A coesão entre as moléculas de água

Individualmente, cada ligação de hidrogênio é fraca e de curtíssima duração. Todavia, como as moléculas de água estabelecem um grande número desse tipo de interação, o resultado é a existência de uma coesão razoável entre elas. Coesão é a tendência de as moléculas de água manterem-se unidas. Sendo assim, a coesão resulta do estabelecimento de ligações de hidrogênio entre essas moléculas.

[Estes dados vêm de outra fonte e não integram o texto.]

(* Let $W$ be a real symmetric non-negative $n\times n$ matrix with zero diagonal and $\beta\ge0$. If $I+\beta W$ is positive definite, then for every $z\in\mathbb{C}^n$ the function $x\mapsto D_{\beta,W}(x;z)$ has a unique minimizer over $\mathbb{C}^n$.
   Context: For $x\in\mathbb{C}^n$, $|x|$ denotes the vector of magnitudes, $\|x\|_1=\sum_i|x_i|$, $P_W(x)=\|x\|_1+\frac12\sum_{i,j}w_{i,j}|x_ix_j|=\|x\|_1+\frac12|x|^TW|x|$, and $D_{\beta,W}(x;z)=\frac12\|z-x\|_2^2+\beta P_W(x)$. *)

theory Defs
  imports "HOL-Analysis.Analysis"
begin

definition absvec :: "complex ^ 'n \<Rightarrow> real ^ 'n" where
  "absvec x = (\<chi> i. cmod (x $ i))"

definition norm1 :: "complex ^ 'n::finite \<Rightarrow> real" where
  "norm1 x = (\<Sum>i\<in>UNIV. cmod (x $ i))"

definition P_W :: "real ^ 'n ^ 'n \<Rightarrow> complex ^ 'n::finite \<Rightarrow> real" where
  "P_W W x = norm1 x + (1/2) * (\<Sum>i\<in>UNIV. \<Sum>j\<in>UNIV. W $ i $ j * cmod (x $ i * x $ j))"

definition D_fun :: "real \<Rightarrow> real ^ 'n ^ 'n \<Rightarrow> complex ^ 'n::finite \<Rightarrow> complex ^ 'n \<Rightarrow> real" where
  "D_fun \<beta> W x z = (1/2) * (norm (z - x))\<^sup>2 + \<beta> * P_W W x"

definition pos_def :: "real ^ 'n ^ 'n::finite \<Rightarrow> bool" where
  "pos_def A \<longleftrightarrow> (\<forall>v::real ^ 'n. v \<noteq> 0 \<longrightarrow> v \<bullet> (A *v v) > 0)"

end

theory Submission
  imports Defs
begin

text \<open>
  Writing \<open>r = |x|\<close>, the penalty is \<open>\<Sum> r + r\<^sup>T W r / 2\<close>; as \<open>W \<ge> 0\<close> it only grows when
  \<open>r\<close> is replaced by the larger vector \<open>(|x| + |y|)/2\<close>. Comparing the value at the midpoint
  of \<open>x\<close> and \<open>y\<close> with the average of the values therefore loses at least
  \<open>(\<parallel>x - y\<parallel>\<^sup>2 + \<beta> d\<^sup>T W d) / 8\<close> with \<open>d = |x| - |y|\<close>. Since \<open>\<parallel>x - y\<parallel> \<ge> \<parallel>d\<parallel>\<close>, this
  gap dominates \<open>d\<^sup>T (I + \<beta> W) d / 8\<close>, so for two minimizers positive definiteness forces
  \<open>d = 0\<close> and then \<open>x = y\<close>. Existence follows from continuity and coercivity.
\<close>

lemma norm_diff_midpoint_sq:
  fixes a x y :: "'a::real_inner"
  shows "(norm (a - midpoint x y))\<^sup>2 = ((norm (a - x))\<^sup>2 + (norm (a - y))\<^sup>2) / 2 - (norm (x - y))\<^sup>2 / 4"
  unfolding power2_norm_eq_inner midpoint_def
  by (simp add: inner_diff_left inner_diff_right inner_add_left inner_add_right inner_commute field_simps)

lemma quadratic_form_midpoint:
  fixes A :: "real ^ 'n ^ 'n"
  shows "midpoint u v \<bullet> (A *v midpoint u v) = (u \<bullet> (A *v u) + v \<bullet> (A *v v)) / 2 - (u - v) \<bullet> (A *v (u - v)) / 4"
  unfolding midpoint_def
  by (simp add: matrix_vector_mult_scaleR matrix_vector_right_distrib matrix_vector_mult_diff_distrib
      inner_diff_left inner_diff_right inner_add_left inner_add_right field_simps)

lemma quadratic_form_mono:
  fixes W :: "real ^ 'n ^ 'n"
  assumes "\<forall>i j. W $ i $ j \<ge> 0" and "0 \<le> u" and "u \<le> v"
  shows "u \<bullet> (W *v u) \<le> v \<bullet> (W *v v)"
proof -
  have le: "0 \<le> u $ i" "u $ i \<le> v $ i" "0 \<le> v $ i" for i
    using assms(2,3) by (auto simp: less_eq_vec_def intro: order_trans)
  have row: "(\<Sum>j\<in>UNIV. W $ i $ j * u $ j) \<le> (\<Sum>j\<in>UNIV. W $ i $ j * v $ j)"
    "0 \<le> (\<Sum>j\<in>UNIV. W $ i $ j * u $ j)" for i
    using assms(1) le by (auto intro!: sum_mono mult_left_mono sum_nonneg)
  show ?thesis
    unfolding inner_vec_def matrix_vector_mult_def inner_real_def vec_lambda_beta
    using assms(1) le row by (intro sum_mono mult_mono) auto
qed

lemma quadratic_form_mat_1_plus:
  fixes W :: "real ^ 'n ^ 'n"
  shows "v \<bullet> ((mat 1 + c *\<^sub>R W) *v v) = (norm v)\<^sup>2 + c * (v \<bullet> (W *v v))"
  by (simp add: matrix_vector_mult_add_rdistrib power2_norm_eq_inner inner_add_right
      flip: scaleR_matrix_vector_assoc)

lemma pos_def_quadratic_form_le_0: "pos_def A \<Longrightarrow> v \<bullet> (A *v v) \<le> 0 \<Longrightarrow> v = 0"
  unfolding pos_def_def by (meson not_le)

lemma absvec_nonneg: "0 \<le> absvec x"
  by (simp add: absvec_def less_eq_vec_def)

lemma absvec_midpoint_le: "absvec (midpoint x y) \<le> midpoint (absvec x) (absvec y)"
  unfolding absvec_def midpoint_def less_eq_vec_def
  by (simp add: norm_triangle_ineq divide_right_mono flip: add_divide_distrib)

lemma norm_absvec_diff_le: "norm (absvec x - absvec y) \<le> norm (x - y)"
  by (rule norm_le_componentwise_cart) (simp add: absvec_def norm_triangle_ineq3)

lemma P_W_eq: "P_W W x = (\<Sum>i\<in>UNIV. absvec x $ i) + 1/2 * (absvec x \<bullet> (W *v absvec x))"
  unfolding P_W_def norm1_def absvec_def inner_vec_def matrix_vector_mult_def
  by (simp add: norm_mult sum_distrib_left mult_ac)

lemma P_W_nonneg: "\<forall>i j. W $ i $ j \<ge> 0 \<Longrightarrow> 0 \<le> P_W W x"
  unfolding P_W_def norm1_def by (intro add_nonneg_nonneg mult_nonneg_nonneg sum_nonneg) auto

lemma P_W_midpoint_le:
  assumes "\<forall>i j. W $ i $ j \<ge> 0"
  shows "P_W W (midpoint x y) \<le> (P_W W x + P_W W y) / 2
           - (absvec x - absvec y) \<bullet> (W *v (absvec x - absvec y)) / 8"
proof -
  let ?r = "absvec x" and ?s = "absvec y" and ?m = "absvec (midpoint x y)"
  have "(\<Sum>i\<in>UNIV. ?m $ i) \<le> (\<Sum>i\<in>UNIV. midpoint ?r ?s $ i)"
    using absvec_midpoint_le[of x y] by (auto simp: less_eq_vec_def intro: sum_mono)
  also have "\<dots> = ((\<Sum>i\<in>UNIV. ?r $ i) + (\<Sum>i\<in>UNIV. ?s $ i)) / 2"
    by (simp add: midpoint_def sum.distrib sum_divide_distrib add_divide_distrib)
  finally have sum_le: "(\<Sum>i\<in>UNIV. ?m $ i) \<le> ((\<Sum>i\<in>UNIV. ?r $ i) + (\<Sum>i\<in>UNIV. ?s $ i)) / 2" .
  have "?m \<bullet> (W *v ?m) \<le> midpoint ?r ?s \<bullet> (W *v midpoint ?r ?s)"
    using assms absvec_nonneg absvec_midpoint_le by (rule quadratic_form_mono)
  then have quadratic_le: "?m \<bullet> (W *v ?m) \<le> (?r \<bullet> (W *v ?r) + ?s \<bullet> (W *v ?s)) / 2 - (?r - ?s) \<bullet> (W *v (?r - ?s)) / 4"
    by (simp only: quadratic_form_midpoint)
  show ?thesis
    unfolding P_W_eq using sum_le quadratic_le by argo
qed

lemma D_fun_midpoint_le:
  assumes "\<forall>i j. W $ i $ j \<ge> 0" and "\<beta> \<ge> 0"
  shows "D_fun \<beta> W (midpoint x y) z \<le> (D_fun \<beta> W x z + D_fun \<beta> W y z) / 2
           - ((norm (x - y))\<^sup>2 + \<beta> * ((absvec x - absvec y) \<bullet> (W *v (absvec x - absvec y)))) / 8"
proof -
  let ?q = "(absvec x - absvec y) \<bullet> (W *v (absvec x - absvec y))"
  have "\<beta> * P_W W (midpoint x y) \<le> \<beta> * ((P_W W x + P_W W y) / 2 - ?q / 8)"
    using assms by (intro mult_left_mono P_W_midpoint_le)
  then have "\<beta> * P_W W (midpoint x y) \<le> (\<beta> * P_W W x + \<beta> * P_W W y) / 2 - \<beta> * ?q / 8"
    by (simp only: right_diff_distrib distrib_left times_divide_eq_right)
  then show ?thesis
    unfolding D_fun_def norm_diff_midpoint_sq by argo
qed

lemma continuous_attains_global_min:
  fixes f :: "'a::heine_borel \<Rightarrow> real"
  assumes "continuous_on UNIV f" and outside: "\<And>y. y \<notin> cball a R \<Longrightarrow> f a \<le> f y"
  shows "\<exists>x. \<forall>y. f x \<le> f y"
proof -
  let ?K = "insert a (cball a R)"
  obtain x where min_K: "\<forall>y\<in>?K. f x \<le> f y"
    using continuous_attains_inf[of ?K f] continuous_on_subset[OF assms(1) subset_UNIV] by auto
  have "f x \<le> f y" for y
  proof (cases "y \<in> cball a R")
    case False
    then have "f a \<le> f y" by (rule outside)
    moreover have "f x \<le> f a" using min_K by simp
    ultimately show ?thesis by linarith
  qed (use min_K in simp)
  then show ?thesis by blast
qed

lemma continuous_on_D_fun: "continuous_on UNIV (\<lambda>x. D_fun \<beta> W x z)"
  unfolding D_fun_def P_W_def norm1_def by (intro continuous_intros)

lemma D_fun_0_le_outside_ball:
  assumes "\<forall>i j. W $ i $ j \<ge> 0" and "\<beta> \<ge> 0" and "y \<notin> cball 0 (2 * norm z)"
  shows "D_fun \<beta> W 0 z \<le> D_fun \<beta> W y z"
proof -
  have "norm y - norm z \<le> norm (z - y)"
    by (metis norm_minus_commute norm_triangle_ineq2)
  then have "norm z \<le> norm (z - y)"
    using assms(3) by simp
  then have "(norm z)\<^sup>2 \<le> (norm (z - y))\<^sup>2"
    by (simp add: power_mono)
  moreover have "0 \<le> \<beta> * P_W W y"
    using assms(2) P_W_nonneg[OF assms(1)] by simp
  ultimately have "1/2 * (norm z)\<^sup>2 \<le> D_fun \<beta> W y z"
    unfolding D_fun_def by linarith
  then show ?thesis
    by (simp add: D_fun_def P_W_def norm1_def)
qed

lemma D_fun_minimizer_unique:
  assumes nonneg: "\<forall>i j. W $ i $ j \<ge> 0" and beta: "\<beta> \<ge> 0" and pd: "pos_def (mat 1 + \<beta> *\<^sub>R W)"
    and min_x: "\<forall>w. D_fun \<beta> W x z \<le> D_fun \<beta> W w z"
    and min_y: "\<forall>w. D_fun \<beta> W y z \<le> D_fun \<beta> W w z"
  shows "x = y"
proof -
  let ?d = "absvec x - absvec y"
  have "D_fun \<beta> W x z \<le> D_fun \<beta> W (midpoint x y) z"
    using min_x by simp
  moreover have "D_fun \<beta> W x z = D_fun \<beta> W y z"
    using min_x min_y by (meson order_antisym)
  ultimately have gap: "(norm (x - y))\<^sup>2 + \<beta> * (?d \<bullet> (W *v ?d)) \<le> 0"
    using D_fun_midpoint_le[OF nonneg beta, of x y z] by argo
  have "(norm ?d)\<^sup>2 \<le> (norm (x - y))\<^sup>2"
    using norm_absvec_diff_le by (simp add: power_mono)
  then have "?d \<bullet> ((mat 1 + \<beta> *\<^sub>R W) *v ?d) \<le> 0"
    using gap unfolding quadratic_form_mat_1_plus by linarith
  then have "?d = 0"
    by (rule pos_def_quadratic_form_le_0[OF pd])
  then have "(norm (x - y))\<^sup>2 \<le> 0"
    using gap by simp
  then show ?thesis
    by simp
qed

theorem proposition3:
  fixes W :: "real ^ 'n ^ 'n" and \<beta> :: real and z :: "complex ^ 'n"
  assumes sym: "transpose W = W"
    and nonneg: "\<forall>i j. W $ i $ j \<ge> 0"
    and diag: "\<forall>i. W $ i $ i = 0"
    and beta: "\<beta> \<ge> 0"
    and pd: "pos_def (mat 1 + \<beta> *\<^sub>R W)"
  shows "\<exists>!x. \<forall>y. D_fun \<beta> W x z \<le> D_fun \<beta> W y z"
proof -
  obtain x where min: "\<forall>y. D_fun \<beta> W x z \<le> D_fun \<beta> W y z"
    using continuous_attains_global_min[OF continuous_on_D_fun D_fun_0_le_outside_ball[OF nonneg beta]]
    by blast
  show ?thesis
  proof (rule ex1I)
    show "\<forall>y. D_fun \<beta> W x z \<le> D_fun \<beta> W y z" by (fact min)
    show "x' = x" if "\<forall>y. D_fun \<beta> W x' z \<le> D_fun \<beta> W y z" for x'
      using D_fun_minimizer_unique[OF nonneg beta pd that min] .
  qed
qed

end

A coesão entre as moléculas é uma propriedade fundamental, pois, sem ela, a água evaporaria quase instantaneamente, impossibilitando a existência dessa substância na fase líquida e, provavelmente, impedindo o surgimento da vida. Além disso, a coesão tem papel importante em processos vitais como, por exemplo, a ascensão da seiva bruta, desde as raízes até as partes superiores do corpo das plantas.

A coesão está envolvida na tensão superficial da água, observada nas áreas em que esse líquido está em contato com o ar, tais como superfícies de rios, lagos e oceanos. Nessa interface (água líquida/ar), as moléculas se mantêm unidas por ligações de hidrogênio com outras situadas ao seu lado e abaixo delas. Entretanto, essa coesão não é observada entre as moléculas presentes na água líquida e aquelas que encontradas o ar. Sendo assim, a coesão existente entre as moléculas de água da superfície constituem uma verdadeira “película” que exibe resistência à ruptura. Tal força de resistência recebe a denominação de tensão superficial. Certos insetos literalmente caminham sobre a água, pois a reduzida densidade de seus corpos não rompe as ligações de hidrogênio responsáveis pela tensão superficial.

Tensão superficial da água

A água é um solvente muito versátil

A capacidade de dissolver substâncias variadas é outra propriedade da água importante para a manutenção da vida. A água atua como solvente para grande número de substâncias, característica de grande valor para o metabolismo celular, no qual as reações comumente ocorrem em meio aquoso.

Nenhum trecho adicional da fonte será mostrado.